The Association’s representative(s) should become familiar with the background of the dispute and ensure that they are familiar with the Association’s position and goals to be achieved at the mediation. The Association should gather documents and photos that will help convey their side of the dispute. It is also advisable that the Association meet with its attorney prior to the mediation to discuss any specific questions about the dispute or possible outcomes.

What Happens at Mediation?

The mediation will usually begin with the parties sitting at table, and each party will take turns presenting their side of the dispute to the Mediator. Usually, the parties’ attorneys will make their initial presentation to the mediator if they are represented by counsel. The Mediator will then discuss the dispute and possible outcomes with the parties and will often separate the parties into separate rooms so that the Mediator can speak with each party individually. If the parties reach an agreement, then there will be a settlement agreement drafted at the mediation that will be signed by the parties and their attorneys. If the parties are not able to reach an agreement, then the parties will continue with their dispute.

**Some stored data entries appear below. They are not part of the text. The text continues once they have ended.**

text \<open>Write \<open>u = V\<^sub>\<tau>(f, p) sgn f\<close> and \<open>g = (f - u) / \<tau>\<close>. Pointwise, \<open>u(x)\<close> is a
  subgradient of \<open>|\<cdot>|\<^bsup>p(x)\<^esup>\<close> at \<open>g(x)\<close> (for \<open>p(x) > 1\<close> it is the derivative
  \<open>p c\<^bsup>p-1\<^esup>\<close> at \<open>c = |g(x)|\<close>, which is what the equation defining \<open>alpha_bar\<close>
  encodes), so \<open>y \<mapsto> u(x) \<bullet> y - |y|\<^bsup>p(x)\<^esup>\<close> is maximised at \<open>g(x)\<close>. Integrating,
  the supremum defining \<open>\<rho>\<^sub>p\<^sup>*(u)\<close> is attained at \<open>g\<close>, hence
  \<open>\<rho>\<^sub>p\<^sup>*(v) \<ge> \<rho>\<^sub>p\<^sup>*(u) + \<langle>v - u, g\<rangle>\<close> for all \<open>v\<close>. Since \<open>f - u = \<tau> g\<close>, completing the
  square gives \<open>\<tau> \<rho>\<^sub>p\<^sup>*(v) + \<parallel>v - f\<parallel>\<^sup>2/2 \<ge> \<tau> \<rho>\<^sub>p\<^sup>*(u) + \<parallel>u - f\<parallel>\<^sup>2/2 + \<parallel>v - u\<parallel>\<^sup>2/2\<close>,
  so \<open>u\<close> is the minimiser of the proximal problem, unique up to null sets.\<close>

lemma powr_tangent_le:
  fixes q c t :: real
  assumes "1 \<le> q" "0 < c" "0 \<le> t"
  shows "c powr q + q * c powr (q - 1) * (t - c) \<le> t powr q"
proof (cases "t = 0")
  case True
  have "c powr q = c * c powr (q - 1)"
    using assms by (simp add: powr_mult_base)
  then have "c powr q + q * c powr (q - 1) * (t - c) = (1 - q) * c powr q"
    using True by (simp add: algebra_simps)
  also have "\<dots> \<le> 0" using assms by (simp add: mult_nonpos_nonneg)
  finally show ?thesis using True by simp
next
  case False
  have "q * c powr (q - 1) * (t - c) \<le> t powr q - c powr q"
    using assms False
    by (intro convex_on_imp_above_tangent[OF powr_convex[OF assms(1)]])
       (auto simp: interior_open intro!: has_field_derivative_at_within has_real_derivative_powr)
  then show ?thesis by simp
qed

lemma alpha_bar_lhs_strict_mono:
  fixes s q x y :: real
  assumes "0 < s" "1 < q" "0 \<le> x" "x < y"
  shows "x + s * q * x powr (q - 1) < y + s * q * y powr (q - 1)"
proof -
  have "x powr (q - 1) \<le> y powr (q - 1)"
    using assms by (intro powr_mono2) auto
  then have "s * q * x powr (q - 1) \<le> s * q * y powr (q - 1)"
    using assms by (intro mult_left_mono) auto
  then show ?thesis using assms by linarith
qed

lemma alpha_bar:
  fixes a q s :: real
  assumes "0 < a" "0 < s" "1 < q"
  shows "0 < alpha_bar a q s" "alpha_bar a q s < a"
    "alpha_bar a q s + s * q * alpha_bar a q s powr (q - 1) = a"
proof -
  define F where "F x = x + s * q * x powr (q - 1)" for x :: real
  have "continuous_on {0..a} F"
    unfolding F_def using assms by (intro continuous_intros continuous_on_powr') auto
  moreover have "F 0 \<le> a" "a \<le> F a"
    unfolding F_def using assms by auto
  ultimately obtain x where x: "0 \<le> x" "x \<le> a" "F x = a"
    using IVT'[of F 0 a a] assms by auto
  have "x \<noteq> 0" "x \<noteq> a"
    using x assms by (auto simp: F_def)
  with x have x: "0 < x" "x < a" "F x = a"
    by auto
  have "alpha_bar a q s = x"
    unfolding alpha_bar_def
  proof (rule the_equality)
    show "0 < x \<and> x < a \<and> x + s * q * x powr (q - 1) = a"
      using x by (simp add: F_def)
    fix y assume "0 < y \<and> y < a \<and> y + s * q * y powr (q - 1) = a"
    then show "y = x"
      using x alpha_bar_lhs_strict_mono[OF assms(2,3), of x y]
        alpha_bar_lhs_strict_mono[OF assms(2,3), of y x]
      by (cases x y rule: linorder_cases) (auto simp: F_def)
  qed
  then show "0 < alpha_bar a q s" "alpha_bar a q s < a"
    "alpha_bar a q s + s * q * alpha_bar a q s powr (q - 1) = a"
    using x by (auto simp: F_def)
qed

lemma less_alpha_bar_iff:
  fixes a q s r :: real
  assumes "0 < a" "0 < s" "1 < q" "0 < r"
  shows "r < alpha_bar a q s \<longleftrightarrow> r + s * q * r powr (q - 1) < a"
  using alpha_bar[OF assms(1-3)] assms(4)
    alpha_bar_lhs_strict_mono[OF assms(2,3), of r "alpha_bar a q s"]
    alpha_bar_lhs_strict_mono[OF assms(2,3), of "alpha_bar a q s" r]
  by (cases r "alpha_bar a q s" rule: linorder_cases) auto

lemma V_eq_powr_derivative:
  fixes z :: "'b::real_normed_vector"
  assumes "z \<noteq> 0" "1 < q" "q \<le> 2" "0 < \<tau>"
  defines "c \<equiv> (norm z - V \<tau> z q) / \<tau>"
  shows "0 < c" "V \<tau> z q = q * c powr (q - 1)"
proof -
  have "0 < c \<and> V \<tau> z q = q * c powr (q - 1)"
  proof (cases "q = 2")
    case True
    then have "V \<tau> z q = 2 * norm z / (\<tau> + 2)"
      by (simp add: V_def)
    moreover have "norm z - 2 * norm z / (\<tau> + 2) = \<tau> * (norm z / (\<tau> + 2))"
      using assms(4) by (simp add: field_simps)
    ultimately have "c = norm z / (\<tau> + 2)" "V \<tau> z q = 2 * c"
      using assms(4) by (simp_all add: c_def)
    then show ?thesis
      using True assms(1,4) by simp
  next
    case False
    define s where "s = \<tau> powr (1 - q)"
    have "0 < s"
      using assms(4) by (simp add: s_def)
    define \<alpha> where "\<alpha> = alpha_bar (norm z) q s"
    have \<alpha>: "0 < \<alpha>" "\<alpha> + s * q * \<alpha> powr (q - 1) = norm z"
      using alpha_bar[OF _ \<open>0 < s\<close> assms(2)] assms(1) by (simp_all add: \<alpha>_def)
    have "V \<tau> z q = norm z - \<alpha>"
      using False assms(2) by (simp add: V_def \<alpha>_def s_def)
    then have "c = \<alpha> / \<tau>"
      by (simp add: c_def)
    \<comment> \<open>with \<open>\<alpha> = \<tau> c\<close> the equation defining \<open>alpha_bar\<close> becomes \<open>|z| - \<tau> c = q c\<^bsup>q-1\<^esup>\<close>\<close>
    moreover have "s * \<alpha> powr (q - 1) = (\<alpha> / \<tau>) powr (q - 1)"
      using assms(4) powr_minus[of \<tau> "q - 1"] by (simp add: s_def powr_divide field_simps)
    ultimately show ?thesis
      using \<alpha> \<open>V \<tau> z q = norm z - \<alpha>\<close> assms(4) by (simp add: algebra_simps)
  qed
  then show "0 < c" "V \<tau> z q = q * c powr (q - 1)"
    by auto
qed

lemma V_mult_minus_powr_le:
  fixes z :: "'b::real_normed_vector"
  assumes "z \<noteq> 0" "1 \<le> q" "q \<le> 2" "0 < \<tau>" "0 \<le> t"
  defines "c \<equiv> (norm z - V \<tau> z q) / \<tau>"
  shows "0 \<le> V \<tau> z q" "V \<tau> z q \<le> norm z"
    "V \<tau> z q * t - t powr q \<le> V \<tau> z q * c - c powr q"
proof -
  have "0 \<le> V \<tau> z q \<and> V \<tau> z q \<le> norm z \<and> V \<tau> z q * t - t powr q \<le> V \<tau> z q * c - c powr q"
  proof (cases "q = 1")
    case True
    then show ?thesis
      using assms by (cases "norm z \<le> 1") (auto simp: V_def c_def mult_left_le_one_le)
  next
    case False
    then have "1 < q"
      using assms(2) by simp
    note c = V_eq_powr_derivative[OF assms(1) this assms(3,4), folded c_def]
    have "c powr q + q * c powr (q - 1) * (t - c) \<le> t powr q"
      using powr_tangent_le assms(2,5) c(1) by blast
    moreover have "V \<tau> z q < norm z"
      using c(1) assms(4) by (simp add: c_def zero_less_divide_iff)
    ultimately show ?thesis
      using c \<open>1 < q\<close> by (simp add: algebra_simps)
  qed
  then show "0 \<le> V \<tau> z q" "V \<tau> z q \<le> norm z"
    "V \<tau> z q * t - t powr q \<le> V \<tau> z q * c - c powr q"
    by auto
qed

lemma norm_V_sgn_le:
  fixes z :: "'b::real_normed_vector"
  assumes "1 \<le> q" "q \<le> 2" "0 < \<tau>"
  shows "norm (V \<tau> z q *\<^sub>R sgn z) \<le> norm z"
proof (cases "z = 0")
  case False
  then show ?thesis
    using V_mult_minus_powr_le(1,2)[OF False assms order_refl] by (simp add: norm_sgn)
qed simp

lemma V_sgn_inner_minus_powr_le:
  fixes z y :: "'b::real_inner"
  assumes "1 \<le> q" "q \<le> 2" "0 < \<tau>"
  defines "w \<equiv> V \<tau> z q *\<^sub>R sgn z"
  shows "w \<bullet> y - norm y powr q \<le> w \<bullet> ((1 / \<tau>) *\<^sub>R (z - w)) - norm ((1 / \<tau>) *\<^sub>R (z - w)) powr q"
proof (cases "z = 0")
  case False
  define c where "c = (norm z - V \<tau> z q) / \<tau>"
  note S = V_mult_minus_powr_le[OF False assms(1-3) norm_ge_zero[of y], folded c_def]
  have "0 \<le> c"
    using S(2) assms(3) by (simp add: c_def)
  define e where "e = sgn z"
  have "norm e = 1"
    using False by (simp add: e_def norm_sgn)
  then have "e \<bullet> e = 1"
    by (simp flip: power2_norm_eq_inner)
  have "z = norm z *\<^sub>R e"
    using False by (simp add: e_def sgn_div_norm)
  then have "z - w = (norm z - V \<tau> z q) *\<^sub>R e"
    by (metis scaleR_diff_left w_def e_def)
  then have "(1 / \<tau>) *\<^sub>R (z - w) = c *\<^sub>R e"
    by (simp add: c_def)
  moreover have "w \<bullet> y \<le> V \<tau> z q * norm y"
    using norm_cauchy_schwarz[of w y] S(1) \<open>norm e = 1\<close> by (simp add: w_def e_def[symmetric])
  ultimately show ?thesis
    using S \<open>norm e = 1\<close> \<open>e \<bullet> e = 1\<close> \<open>0 \<le> c\<close> by (simp add: w_def e_def[symmetric] mult.commute)
qed (simp add: w_def)

lemma L2_measurable: "f \<in> L2 \<Omega> \<Longrightarrow> f \<in> borel_measurable (lebesgue_on \<Omega>)"
  and L2_integrable_norm_sq: "f \<in> L2 \<Omega> \<Longrightarrow> integrable (lebesgue_on \<Omega>) (\<lambda>x. (norm (f x))\<^sup>2)"
  unfolding L2_def by auto

lemma L2_dominated:
  fixes f :: "'a::euclidean_space \<Rightarrow> 'b::euclidean_space" and g :: "'a \<Rightarrow> 'c::euclidean_space"
  assumes "f \<in> L2 \<Omega>" "g \<in> borel_measurable (lebesgue_on \<Omega>)"
    and "\<And>x. x \<in> \<Omega> \<Longrightarrow> norm (g x) \<le> norm (f x)"
  shows "g \<in> L2 \<Omega>"
  unfolding L2_def
proof (intro CollectI conjI assms(2))
  show "integrable (lebesgue_on \<Omega>) (\<lambda>x. (norm (g x))\<^sup>2)"
    using assms by (intro Bochner_Integration.integrable_bound[OF L2_integrable_norm_sq[OF assms(1)]])
      (auto intro!: AE_I2 power_mono)
qed

lemma integrable_inner_L2:
  fixes f g :: "'a::euclidean_space \<Rightarrow> 'b::euclidean_space"
  assumes "f \<in> L2 \<Omega>" "g \<in> L2 \<Omega>"
  shows "integrable (lebesgue_on \<Omega>) (\<lambda>x. f x \<bullet> g x)"
proof (rule Bochner_Integration.integrable_bound)
  show "integrable (lebesgue_on \<Omega>) (\<lambda>x. (norm (f x))\<^sup>2 + (norm (g x))\<^sup>2)"
    using assms by (simp add: L2_integrable_norm_sq)
  show "(\<lambda>x. f x \<bullet> g x) \<in> borel_measurable (lebesgue_on \<Omega>)"
    using assms L2_measurable by measurable
  have "\<bar>f x \<bullet> g x\<bar> \<le> (norm (f x))\<^sup>2 + (norm (g x))\<^sup>2" for x
    using Cauchy_Schwarz_ineq2[of "f x" "g x"] sum_squares_bound[of "norm (f x)" "norm (g x)"]
      mult_nonneg_nonneg[OF norm_ge_zero norm_ge_zero, of "f x" "g x"]
    by linarith
  then show "AE x in lebesgue_on \<Omega>. norm (f x \<bullet> g x) \<le> norm ((norm (f x))\<^sup>2 + (norm (g x))\<^sup>2)"
    by (intro AE_I2) simp
qed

What About After the Mediation?

If the parties reached an agreement at mediation, then they are bound by the terms of the settlement agreement. If the parties did not reach an agreement at mediation, they are still free to settle their dispute at a later date. Regardless of whether a settlement is reached or not, the mediation process is confidential, and the parties are not allowed to share what was said or occurred at mediation without the permission of the other side. The exception is that the Association’s members are generally entitled to review a settlement agreement entered into by the Association.